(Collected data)
lemma pal_n_Suc_le_of_step:
  assumes "case s of
             Inl a \<Rightarrow> pal_pi w (i + 1) = pal_pi w i @ [a] @ pal_pi w i
           | Inr k \<Rightarrow> (\<exists>b. pal_pi w i = pal_pi w k @ b \<and> pal_pi w (i + 1) = pal_pi w i @ b)"
  shows "pal_n w (i + 1) \<le> 2 * pal_n w i + 1"
proof -
  have len: "length (pal_pi w j) = pal_n w j" for j
    by (simp add: pal_pi_def prefix_word_def)
  show ?thesis
  proof (cases s)
    case (Inl a)
    then have "length (pal_pi w (i + 1)) = length (pal_pi w i @ [a] @ pal_pi w i)"
      using assms by simp
    then show ?thesis
      by (simp add: len)
  next
    case (Inr k)
    then obtain b where "pal_pi w i = pal_pi w k @ b" "pal_pi w (i + 1) = pal_pi w i @ b"
      using assms by auto
    then have "pal_n w i = pal_n w k + length b" "pal_n w (i + 1) = pal_n w i + length b"
      by (metis len length_append)+
    then show ?thesis
      by linarith
  qed
qed

theorem proposition6p1:
  fixes w :: "nat \<Rightarrow> 'a" and i0 :: int
  assumes "infinite (pal_lengths w)"
  shows "(\<forall>i\<ge>1. int i \<ge> i0 \<longrightarrow> pal_n w (i + 1) \<le> 2 * pal_n w i + 1) \<longleftrightarrow>
    (\<exists>\<psi> :: nat \<Rightarrow> 'a + nat. reduced \<psi> \<and>
       (\<forall>i\<ge>1. int i \<ge> i0 \<longrightarrow>
          (case \<psi> i of
             Inl a \<Rightarrow> pal_pi w (i + 1) = pal_pi w i @ [a] @ pal_pi w i
           | Inr k \<Rightarrow> (\<exists>b. pal_pi w i = pal_pi w k @ b \<and> pal_pi w (i + 1) = pal_pi w i @ b))))"
    (is "?bounded \<longleftrightarrow> (\<exists>\<psi>. reduced \<psi> \<and> (\<forall>i\<ge>1. int i \<ge> i0 \<longrightarrow> ?step (\<psi> i) i))")
proof
  assume ?bounded
  then obtain G where good: "\<forall>j>G. pal_n w (j + 1) \<le> 2 * pal_n w j + 1"
    and before: "\<forall>i\<ge>1. int i \<ge> i0 \<longrightarrow> G < i"
    and last_bad: "G = 0 \<or> 2 * pal_n w G + 1 < pal_n w (G + 1)"
    by (rule obtain_least_threshold) (auto simp: not_le)
  interpret pal_word w
    using assms by unfold_locales
  obtain \<psi> where "reduced \<psi>" "\<forall>j>G. \<psi> j = pal_step w j"
    using exists_reduced_extension_of_pal_step[OF good last_bad] by blast
  moreover have "?step (pal_step w i) i" if "1 \<le> i" "int i \<ge> i0" for i
    using pal_pi_pal_step[OF \<open>1 \<le> i\<close>] good before that by simp
  ultimately show "\<exists>\<psi>. reduced \<psi> \<and> (\<forall>i\<ge>1. int i \<ge> i0 \<longrightarrow> ?step (\<psi> i) i)"
    using before by auto
next
  assume "\<exists>\<psi>. reduced \<psi> \<and> (\<forall>i\<ge>1. int i \<ge> i0 \<longrightarrow> ?step (\<psi> i) i)"
  then show ?bounded
    using pal_n_Suc_le_of_step by blast
qed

### [Required work]
The records above should be transcribed in full, with no differences.

### [Task solution]
lemma pal_n_Suc_le_of_step:
  assumes "case s of
             Inl a \<Rightarrow> pal_pi w (i + 1) = pal_pi w i @ [a] @ pal_pi w i
           | Inr k \<Rightarrow> (\<exists>b. pal_pi w i = pal_pi w k @ b \<and> pal_pi w (i + 1) = pal_pi w i @ b)"
  shows "pal_n w (i + 1) \<le> 2 * pal_n w i + 1"
proof -
  have len: "length (pal_pi w j) = pal_n w j" for j
    by (simp add: pal_pi_def prefix_word_def)
  show ?thesis
  proof (cases s)
    case (Inl a)
    then have "length (pal_pi w (i + 1)) = length (pal_pi w i @ [a] @ pal_pi w i)"
      using assms by simp
    then show ?thesis
      by (simp add: len)
  next
    case (Inr k)
    then obtain b where "pal_pi w i = pal_pi w k @ b" "pal_pi w (i + 1) = pal_pi w i @ b"
      using assms by auto
    then have "pal_n w i = pal_n w k + length b" "pal_n w (i + 1) = pal_n w i + length b"
      by (metis len length_append)+
    then show ?thesis
      by linarith
  qed
qed

theorem proposition6p1:
  fixes w :: "nat \<Rightarrow> 'a" and i0 :: int
  assumes "infinite (pal_lengths w)"
  shows "(\<forall>i\<ge>1. int i \<ge> i0 \<longrightarrow> pal_n w (i + 1) \<le> 2 * pal_n w i + 1) \<longleftrightarrow>
    (\<exists>\<psi> :: nat \<Rightarrow> 'a + nat. reduced \<psi> \<and>
       (\<forall>i\<ge>1. int i \<ge> i0 \<longrightarrow>
          (case \<psi> i of
             Inl a \<Rightarrow> pal_pi w (i + 1) = pal_pi w i @ [a] @ pal_pi w i
           | Inr k \<Rightarrow> (\<exists>b. pal_pi w i = pal_pi w k @ b \<and> pal_pi w (i + 1) = pal_pi w i @ b))))"
    (is "?bounded \<longleftrightarrow> (\<exists>\<psi>. reduced \<psi> \<and> (\<forall>i\<ge>1. int i \<ge> i0 \<longrightarrow> ?step (\<psi> i) i))")
proof
  assume ?bounded
  then obtain G where good: "\<forall>j>G. pal_n w (j + 1) \<le> 2 * pal_n w j + 1"
    and before: "\<forall>i\<ge>1. int i \<ge> i0 \<longrightarrow> G < i"
    and last_bad: "G = 0 \<or> 2 * pal_n w G + 1 < pal_n w (G + 1)"
    by (rule obtain_least_threshold) (auto simp: not_le)
  interpret pal_word w
    using assms by unfold_locales
  obtain \<psi> where "reduced \<psi>" "\<forall>j>G. \<psi> j = pal_step w j"
    using exists_reduced_extension_of_pal_step[OF good last_bad] by blast
  moreover have "?step (pal_step w i) i" if "1 \<le> i" "int i \<ge> i0" for i
    using pal_pi_pal_step[OF \<open>1 \<le> i\<close>] good before that by simp
  ultimately show "\<exists>\<psi>. reduced \<psi> \<and> (\<forall>i\<ge>1. int i \<ge> i0 \<longrightarrow> ?step (\<psi> i) i)"
    using before by auto
next
  assume "\<exists>\<psi>. reduced \<psi> \<and> (\<forall>i\<ge>1. int i \<ge> i0 \<longrightarrow> ?step (\<psi> i) i)"
  then show ?bounded
    using pal_n_Suc_le_of_step by blast
qed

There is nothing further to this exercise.